Mais le jeune homme voulait bien faire. Et c’est là le drame : son inconscience de la signification profonde de ce qu’il faisait.

Il avait complètement intériorisé que le respect du français est devenu une politesse de surface à laquelle on se plie « parce qu’il le faut bien ».

Inconscience

Tous ces francophones qui faisaient la file devant la boutique le lendemain étaient indifférents, rangeant sans doute l’affaire dans la catégorie des tempêtes dans un verre d’eau.

Et c’est aussi le drame : leur inconscience­­­ collective.

Hier également, des gens qui connaissent le jeune homme expliquaient aux médias qu’il n’est pas « méchant », comme si c’était ce qu’on lui reprochait.

Eux aussi, totalement inconscients du fond du problème, qui est le pommier et non la pomme.

Redisons-le : rien de ceci n’est la faute des anglophones.

C’est beaucoup leur demander que de respecter des francophones qui ne se respectent pas eux-mêmes.

C’est encore moins la faute des immigrants : dès leur arrivée ici, pas idiots, ils voient clairement la direction du vent.

C’est de notre faute. Nous redevenons des colonisés. Point à la ligne.

Le colonialisme est particulièrement insidieux quand il ne prend pas l’allure d’une oppression caractérisée, comme c’est le cas chez nous.

Au Québec, il prend deux formes principales.

D’abord, vous avez le francophone qui n’exige pas le respect de sa langue parce qu’il ne veut pas faire chier, ne veut pas passer pour un « fatigant ».

Celui-là s’excuse presque que sa langue soit un dérangement. Il a l’âme d’un valet.

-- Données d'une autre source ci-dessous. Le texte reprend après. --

definition unique_normal_form :: "nat list \<Rightarrow> nat \<Rightarrow> nat list \<Rightarrow> bool" where
  "unique_normal_form u x v \<longleftrightarrow> (\<forall>n1\<in>normal_forms u x v. \<forall>n2\<in>normal_forms u x v. n1 = n2)"

lemma normal_forms_nonempty:
  assumes "2 \<le> length u"
  shows "normal_forms u x v \<noteq> {}"
proof (induction v rule: measure_induct_rule[where f = length])
  case (less v)
  show ?case
  proof (cases "sublist u v")
    case False then show ?thesis unfolding normal_forms_def by blast
  next
    case True
    then obtain b where b: "(v, b) \<in> red u x" using irreducible_iff by blast
    then obtain n where "n \<in> normal_forms u x b"
      using less red_length_less[OF b assms] by blast
    then have "n \<in> normal_forms u x v"
      unfolding normal_forms_def using b by (blast intro: converse_rtrancl_into_rtrancl)
    then show ?thesis by blast
  qed
qed

lemma normal_forms_step:
  assumes "(a, b) \<in> red u x" "unique_normal_form u x a" "2 \<le> length u"
  shows "normal_forms u x b = normal_forms u x a"
proof -
  have sub: "normal_forms u x b \<subseteq> normal_forms u x a"
    using assms(1) unfolding normal_forms_def by (blast intro: converse_rtrancl_into_rtrancl)
  obtain n where n: "n \<in> normal_forms u x b" using normal_forms_nonempty[OF assms(3)] by blast
  have "m = n" if "m \<in> normal_forms u x a" for m
    using assms(2) sub n that unfolding unique_normal_form_def by blast
  then show ?thesis using sub n by blast
qed

lemma normal_forms_conv_below:
  assumes "(a, b) \<in> (conv_below u x w)\<^sup>*" "\<And>z. deglex_less z w \<Longrightarrow> unique_normal_form u x z"
    "2 \<le> length u"
  shows "normal_forms u x a = normal_forms u x b"
  using assms(1)
proof (induction rule: rtrancl_induct)
  case (step y z)
  then have "(y, z) \<in> red u x \<or> (z, y) \<in> red u x" "deglex_less y w" "deglex_less z w"
    unfolding conv_below_def by auto
  then have "normal_forms u x y = normal_forms u x z"
    using normal_forms_step assms(2,3) by metis
  then show ?case using step(3) by simp
qed simp

lemma append_eq_append_shorter:
  assumes "xs @ ys = zs @ ts" "length xs \<le> length zs"
  obtains us where "zs = xs @ us" "ys = us @ ts"
proof -
  have "xs = take (length xs) zs \<and> ys = drop (length xs) zs @ ts"
    using assms by (simp add: append_eq_append_conv_if)
  then show ?thesis using that by (metis append_take_drop_id)
qed

text \<open>Two one-step reducts of the same word are connected below it: disjoint occurrences of
  \<open>u\<close> commute, and overlapping ones are the resolved overlaps, shifted into context.\<close>

lemma critical_peak:
  assumes "2 \<le> length u" "overlaps_resolved u x"
    and eq: "P1 @ u @ Q1 = P2 @ u @ Q2" and le: "length P1 \<le> length P2"
  shows "(P1 @ [x] @ Q1, P2 @ [x] @ Q2) \<in> (conv_below u x (P1 @ u @ Q1))\<^sup>*"
proof -
  obtain d where d: "P2 = P1 @ d" "u @ Q1 = d @ u @ Q2"
    using append_eq_append_shorter[OF eq le] by blast
  consider "d = []" | "0 < length d" "length d < length u" | "length u \<le> length d"
    by fastforce
  then show ?thesis
  proof cases
    case 1 then show ?thesis using d by simp
  next
    case 2
    then obtain q where q: "d @ u = u @ q" "Q1 = q @ Q2"
      using append_eq_append_shorter[of u Q1 "d @ u" Q2] d(2) by auto
    have "(x # q, d @ [x]) \<in> (conv_below u x (u @ q))\<^sup>*"
      using assms(2) q(1)[symmetric] 2 unfolding overlaps_resolved_def by blast
    from rtrancl_conv_below_context[OF this, of P1 Q2]
    show ?thesis using q d by simp
  next
    case 3
    then obtain M where M: "d = u @ M" "Q1 = M @ u @ Q2"
      using append_eq_append_shorter[of u Q1 d "u @ Q2"] d(2) 3 by auto
    let ?w = "P1 @ u @ Q1" and ?z = "P1 @ [x] @ M @ [x] @ Q2"
    have "(P1 @ [x] @ M @ u @ Q2, ?z) \<in> red u x"
      unfolding red_iff by (rule exI[of _ "P1 @ [x] @ M"], rule exI[of _ Q2]) simp
    moreover have "(P1 @ u @ M @ [x] @ Q2, ?z) \<in> red u x"
      unfolding red_iff by (rule exI[of _ P1], rule exI[of _ "M @ [x] @ Q2"]) simp
    moreover have "deglex_less (P1 @ [x] @ M @ u @ Q2) ?w" "deglex_less (P1 @ u @ M @ [x] @ Q2) ?w"
      "deglex_less ?z ?w"
      using assms(1) M by (auto intro!: deglex_less_if_shorter)
    ultimately have "(P1 @ [x] @ M @ u @ Q2, ?z) \<in> conv_below u x ?w"
      "(?z, P1 @ u @ M @ [x] @ Q2) \<in> conv_below u x ?w"
      unfolding conv_below_def by auto
    then have "(P1 @ [x] @ M @ u @ Q2, P1 @ u @ M @ [x] @ Q2) \<in> (conv_below u x ?w)\<^sup>*"
      by (meson r_into_rtrancl rtrancl_into_rtrancl)
    then show ?thesis using M d by simp
  qed
qed

lemma reducts_conv_below:
  assumes "2 \<le> length u" "overlaps_resolved u x" "(w, v1) \<in> red u x" "(w, v2) \<in> red u x"
  shows "(v1, v2) \<in> (conv_below u x w)\<^sup>*"
proof -
  obtain P1 Q1 P2 Q2 where pq: "w = P1 @ u @ Q1" "v1 = P1 @ [x] @ Q1" "w = P2 @ u @ Q2" "v2 = P2 @ [x] @ Q2"
    using assms(3,4) red_iff by metis
  show ?thesis
  proof (cases "length P1 \<le> length P2")
    case True
    then show ?thesis using critical_peak[OF assms(1,2), of P1 Q1 P2 Q2] pq by simp
  next
    case False
    then show ?thesis
      using critical_peak[OF assms(1,2), of P2 Q2 P1 Q1] pq rtrancl_conv_below_sym by simp
  qed
qed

Ensuite, vous avez le francophone qui trouve « cool » de passer à l’anglais. Il a le sentiment de s’élever, de pénétrer dans les salons qui comptent vraiment.

Ce petit monsieur se justifiera en invoquant son « ouverture », sa « modernité­­­ », son « réalisme ».

Imiter

Au contraire du valet, qui comprend sa condition et vit son humiliation en silence, ce petit monsieur satisfait et fier de lui se drapera dans une posture­­­ de supériorité ricaneuse.

Il fera le smatte.

Il n’a plus de temps à perdre avec les combats surannés de papy. La liberté, pour lui, se réduit à être ce qu’il veut.

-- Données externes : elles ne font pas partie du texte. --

lemma span_Int_span_singleton:
  assumes "c \<notin> span S"
  shows "span S \<inter> span {c} = {0}"
proof -
  have "v = 0" if "v \<in> span S" "v \<in> span {c}" for v
  proof -
    obtain t where t: "v = t *\<^sub>R c" using \<open>v \<in> span {c}\<close> by (auto simp: span_singleton)
    have "t = 0"
    proof (rule ccontr)
      assume "t \<noteq> 0"
      then have "c = (1 / t) *\<^sub>R v" using t by simp
      then show False using assms \<open>v \<in> span S\<close> by (metis span_scale)
    qed
    then show ?thesis using t by simp
  qed
  then show ?thesis by (auto simp: span_zero)
qed

lemma closed_in_set_Int:
  assumes "closed_in_set B Z" "Z' \<subseteq> Z"
  shows "closed_in_set (B \<inter> Z') Z'"
  using assms unfolding closed_in_set_def by blast

lemma biclosed_in_set_Int:
  assumes "biclosed_in_set B Z" "Z' \<subseteq> Z"
  shows "biclosed_in_set (B \<inter> Z') Z'"
proof -
  have "closed_in_set ((Z - B) \<inter> Z') Z'"
    using assms closed_in_set_Int unfolding biclosed_in_set_def coclosed_in_set_def by blast
  moreover have "(Z - B) \<inter> Z' = Z' - B \<inter> Z'" using assms(2) by blast
  ultimately show ?thesis
    using assms closed_in_set_Int unfolding biclosed_in_set_def coclosed_in_set_def by auto
qed
lemma stationary_aoi_lumped:
  assumes "set_pmf D \<subseteq> {-1, 0, 1}" "stationary_pmf (aoi_kernel ps D) \<pi>"
  defines "G \<equiv> map_pmf corrected_age \<pi>"
  shows "\<pi> = map_pmf aoi_state (bind_pmf G (corrected_kernel ps D))"
    and "set_pmf G \<subseteq> {1..}"
    and "corrected_step ps D G = G"
proof -
  have "\<pi> = bind_pmf \<pi> (aoi_kernel ps D)"
    using assms(2) unfolding stationary_pmf_def by simp
  also have "\<dots> = bind_pmf \<pi> (\<lambda>y. map_pmf aoi_state (corrected_kernel ps D (corrected_age y)))"
    using aoi_kernel_eq_corrected[OF assms(1)] set_pmf_stationary_aoi[OF assms(1,2)]
    by (intro bind_pmf_cong) auto
  also have "\<dots> = map_pmf aoi_state (bind_pmf G (corrected_kernel ps D))"
    by (simp add: G_def map_bind_pmf bind_map_pmf)
  finally show \<pi>: "\<pi> = map_pmf aoi_state (bind_pmf G (corrected_kernel ps D))" .
  show G_pos: "set_pmf G \<subseteq> {1..}"
    using set_pmf_stationary_aoi[OF assms(1,2)] by (auto simp: G_def)
  have "G = map_pmf corrected_age \<pi>"
    by (simp add: G_def)
  also have "\<dots> = map_pmf (corrected_age \<circ> aoi_state) (bind_pmf G (corrected_kernel ps D))"
    by (subst (1) \<pi>) (simp add: map_pmf_comp comp_def)
  also have "\<dots> = map_pmf snd (bind_pmf G (corrected_kernel ps D))"
  proof (rule map_pmf_cong[OF refl])
    fix z assume "z \<in> set_pmf (bind_pmf G (corrected_kernel ps D))"
    then have "0 \<le> snd z + fst z"
      by (rule set_bind_corrected_kernel(2)[OF assms(1) G_pos])
    then show "(corrected_age \<circ> aoi_state) z = snd z"
      by (cases z) (simp add: corrected_age_aoi_state)
  qed
  finally show "corrected_step ps D G = G"
    by (simp add: map_snd_bind_corrected_kernel)
qed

Il est peut-être plus profondément colonisé que le premier, car il essaie, plus ou moins consciemment, d’imiter son maître.

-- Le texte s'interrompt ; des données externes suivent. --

text \<open>The constant is \<open>\<Sum>\<^sub>y q y \<Omega>(\<phi> y) - \<Omega>(\<mu>)\<close>; the conjugate term \<open>\<Omega>\<^sup>*(\<theta>)\<close> and the
linear term \<open>\<langle>\<theta>, \<phi> y\<rangle>\<close> of the loss both average to their value at \<open>\<mu>\<close>.\<close>

lemma surr_risk_fy_loss_expected_embedding:
  fixes \<phi> :: "'y \<Rightarrow> 'a::real_inner"
  assumes "finite Y" and proper: "proper_fun \<Omega>" and q: "q \<in> prob_simplex Y"
    and dom: "\<phi> ` Y \<subseteq> edom \<Omega>" and \<mu>: "expected_embedding Y \<phi> q \<in> edom \<Omega>"
  obtains C where "\<And>\<theta>. surr_risk Y (\<lambda>\<theta> y. fy_loss \<Omega> \<theta> (\<phi> y)) \<theta> q
                    = fy_loss \<Omega> \<theta> (expected_embedding Y \<phi> q) + ereal C"
proof -
  define \<mu> where "\<mu> = expected_embedding Y \<phi> q"
  obtain m where m: "\<Omega> \<mu> = ereal m" using edom_proper_finite[OF proper] \<mu> unfolding \<mu>_def by blast
  define r where "r y = real_of_ereal (\<Omega> (\<phi> y))" for y
  have r: "\<Omega> (\<phi> y) = ereal (r y)" if "y \<in> Y" for y
    using edom_proper_finite[OF proper, of "\<phi> y"] dom that unfolding r_def by force
  define C where "C = (\<Sum>y\<in>Y. q y * r y) - m"
  have qnn: "\<And>y. y \<in> Y \<Longrightarrow> 0 \<le> q y" and sq: "sum q Y = 1" using prob_simplexD[OF q] by auto
  have "surr_risk Y (\<lambda>\<theta> y. fy_loss \<Omega> \<theta> (\<phi> y)) \<theta> q = fy_loss \<Omega> \<theta> \<mu> + ereal C" for \<theta>
  proof (cases "fenchel_conj \<Omega> \<theta>")
    case (real f)
    have "surr_risk Y (\<lambda>\<theta> y. fy_loss \<Omega> \<theta> (\<phi> y)) \<theta> q = ereal (\<Sum>y\<in>Y. q y * (f + r y - \<theta> \<bullet> \<phi> y))"
      unfolding surr_risk_def fy_loss_def by (simp add: r real)
    also have "(\<Sum>y\<in>Y. q y * (f + r y - \<theta> \<bullet> \<phi> y)) = f * sum q Y + (\<Sum>y\<in>Y. q y * r y) - \<theta> \<bullet> \<mu>"
      unfolding \<mu>_def expected_embedding_def
      by (simp add: algebra_simps sum.distrib sum_subtractf sum_distrib_left inner_sum_right)
    also have "\<dots> = f + m - \<theta> \<bullet> \<mu> + C"
      unfolding C_def sq by simp
    finally show ?thesis unfolding fy_loss_def m real by simp
  next
    case PInf
    obtain y0 where y0: "y0 \<in> Y" "q y0 > 0"
      using sq qnn by (metis less_eq_real_def sum.neutral zero_neq_one)
    have "ereal (q y0) * fy_loss \<Omega> \<theta> (\<phi> y0) = \<infinity>"
      using y0 PInf r[OF y0(1)] unfolding fy_loss_def by simp
    then have "surr_risk Y (\<lambda>\<theta> y. fy_loss \<Omega> \<theta> (\<phi> y)) \<theta> q = \<infinity>"
      unfolding surr_risk_def sum_Pinfty using \<open>finite Y\<close> y0(1) by blast
    then show ?thesis unfolding fy_loss_def PInf m by simp
  next
    case MInf then show ?thesis using fenchel_conj_proper_neq_minf[OF proper] by blast
  qed
  then show ?thesis unfolding \<mu>_def by (rule that)
qed

lemma excess_surr_risk_fy_loss_expected_embedding:
  fixes \<phi> :: "'y \<Rightarrow> 'a::euclidean_space"
  assumes "finite Y" and proper: "proper_fun \<Omega>" and "convex_ext \<Omega>" and "lsc_fun \<Omega>"
    and q: "q \<in> prob_simplex Y" and dom: "\<phi> ` Y \<subseteq> edom \<Omega>"
  shows "excess_surr_risk Y (\<lambda>\<theta> y. fy_loss \<Omega> \<theta> (\<phi> y)) \<theta> q = fy_loss \<Omega> \<theta> (expected_embedding Y \<phi> q)"
proof -
  have \<mu>: "expected_embedding Y \<phi> q \<in> edom \<Omega>"
    using hull_minimal[where S = convex, OF dom convex_edom[OF \<open>convex_ext \<Omega>\<close>]] q
      convex_hull_eq_expected_embedding_image[OF \<open>finite Y\<close>] by blast
  obtain C where C: "\<And>\<theta>. surr_risk Y (\<lambda>\<theta> y. fy_loss \<Omega> \<theta> (\<phi> y)) \<theta> q
                      = fy_loss \<Omega> \<theta> (expected_embedding Y \<phi> q) + ereal C"
    using surr_risk_fy_loss_expected_embedding[OF \<open>finite Y\<close> proper q dom \<mu>] by blast
  have "(INF \<theta>'. fy_loss \<Omega> \<theta>' (expected_embedding Y \<phi> q) + ereal C) = ereal C"
    using INF_ereal_add_left[of UNIV "ereal C" "\<lambda>\<theta>'. fy_loss \<Omega> \<theta>' (expected_embedding Y \<phi> q)"]
      fy_loss_nonneg[OF proper] INF_fy_loss_eq_0[OF assms(2-4) \<mu>] by simp
  then show ?thesis
    unfolding excess_surr_risk_def C by (cases "fy_loss \<Omega> \<theta> (expected_embedding Y \<phi> q)") auto
qed

theorem mainTheorem6:
  fixes Y :: "'y set" and Os :: "'o set"
    and \<phi> :: "'y \<Rightarrow> real^'p" and \<psi> :: "'o \<Rightarrow> real^'p"
    and L :: "'o \<Rightarrow> 'y \<Rightarrow> real"
    and V :: "real^'p^'p" and b :: "real^'p" and c :: "'y \<Rightarrow> real"
    and \<Omega> :: "real^'p \<Rightarrow> ereal"
    and yL :: "real^'p \<Rightarrow> 'o"
    and d :: "real^'p \<Rightarrow> 'o"
    and \<epsilon> :: real
  assumes finY: "finite Y" and finO: "finite Os"
    and L_form: "\<And>yh y. yh \<in> Os \<Longrightarrow> y \<in> Y \<Longrightarrow> L yh y = \<psi> yh \<bullet> (V *v \<phi> y + b) + c y"
    and L_nonneg: "\<And>yh y. yh \<in> Os \<Longrightarrow> y \<in> Y \<Longrightarrow> 0 \<le> L yh y"
    and proper: "proper_fun \<Omega>" and convex: "convex_ext \<Omega>" and lsc: "lsc_fun \<Omega>"
    and dom: "\<phi> ` Y \<subseteq> edom \<Omega>"
    and yL_in: "\<And>u. yL u \<in> Os"
    and yL_min: "\<And>u y'. y' \<in> Os \<Longrightarrow> \<psi> (yL u) \<bullet> (V *v u + b) \<le> \<psi> y' \<bullet> (V *v u + b)"
    and d_in: "\<And>\<theta>. d \<theta> \<in> Os"
    and eps: "0 \<le> \<epsilon>"
  shows "(INF (\<theta>, q) \<in> {(\<theta>, q). q \<in> prob_simplex Y \<and> excess_ptw_risk Y Os L (d \<theta>) q \<ge> \<epsilon>}.
            excess_surr_risk Y (\<lambda>\<theta> y. fy_loss \<Omega> \<theta> (\<phi> y)) \<theta> q)
       = (INF (\<theta>, \<mu>) \<in> {(\<theta>, \<mu>). \<mu> \<in> convex hull (\<phi> ` Y) \<and>
              (\<psi> (d \<theta>) - \<psi> (yL \<mu>)) \<bullet> (V *v \<mu> + b) \<ge> \<epsilon>}.
            fy_loss \<Omega> \<theta> \<mu>)"
proof -
  let ?A = "{(\<theta>, q). q \<in> prob_simplex Y \<and> excess_ptw_risk Y Os L (d \<theta>) q \<ge> \<epsilon>}"
  let ?B = "{(\<theta>, \<mu>). \<mu> \<in> convex hull (\<phi> ` Y) \<and> (\<psi> (d \<theta>) - \<psi> (yL \<mu>)) \<bullet> (V *v \<mu> + b) \<ge> \<epsilon>}"
  let ?h = "\<lambda>(\<theta>, q). (\<theta>, expected_embedding Y \<phi> q)"
  have excess: "excess_ptw_risk Y Os L (d \<theta>) q
      = (\<psi> (d \<theta>) - \<psi> (yL (expected_embedding Y \<phi> q))) \<bullet> (V *v expected_embedding Y \<phi> q + b)"
    if "q \<in> prob_simplex Y" for \<theta> q
    using excess_ptw_risk_affine_loss[where L = L and \<psi> = \<psi> and V = V and b = b and c = c and \<phi> = \<phi>,
        OF finO that d_in L_form yL_in yL_min] .
  have "?B = ?h ` ?A"
    unfolding convex_hull_eq_expected_embedding_image[OF finY] by (auto simp: excess)
  then have "(INF (\<theta>, \<mu>) \<in> ?B. fy_loss \<Omega> \<theta> \<mu>) = (INF (\<theta>, q) \<in> ?A. fy_loss \<Omega> \<theta> (expected_embedding Y \<phi> q))"
    by (simp add: image_comp case_prod_beta comp_def)
  also have "\<dots> = (INF (\<theta>, q) \<in> ?A. excess_surr_risk Y (\<lambda>\<theta> y. fy_loss \<Omega> \<theta> (\<phi> y)) \<theta> q)"
    using excess_surr_risk_fy_loss_expected_embedding[OF finY proper convex lsc _ dom]
    by (intro INF_cong) auto
  finally show ?thesis by simp
qed

end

Si vous lui en faites la remarque, vous récolterez incompréhension, car il ne réalise plus qu’il singe le maître, ou agressivité, quand il s’aperçoit que vous avez démasqué son double jeu.

Les nouveaux « Nègres blancs d’Amérique » textent en vêtements griffés et espadrilles de luxe.

Mais ce sont encore des domestiques.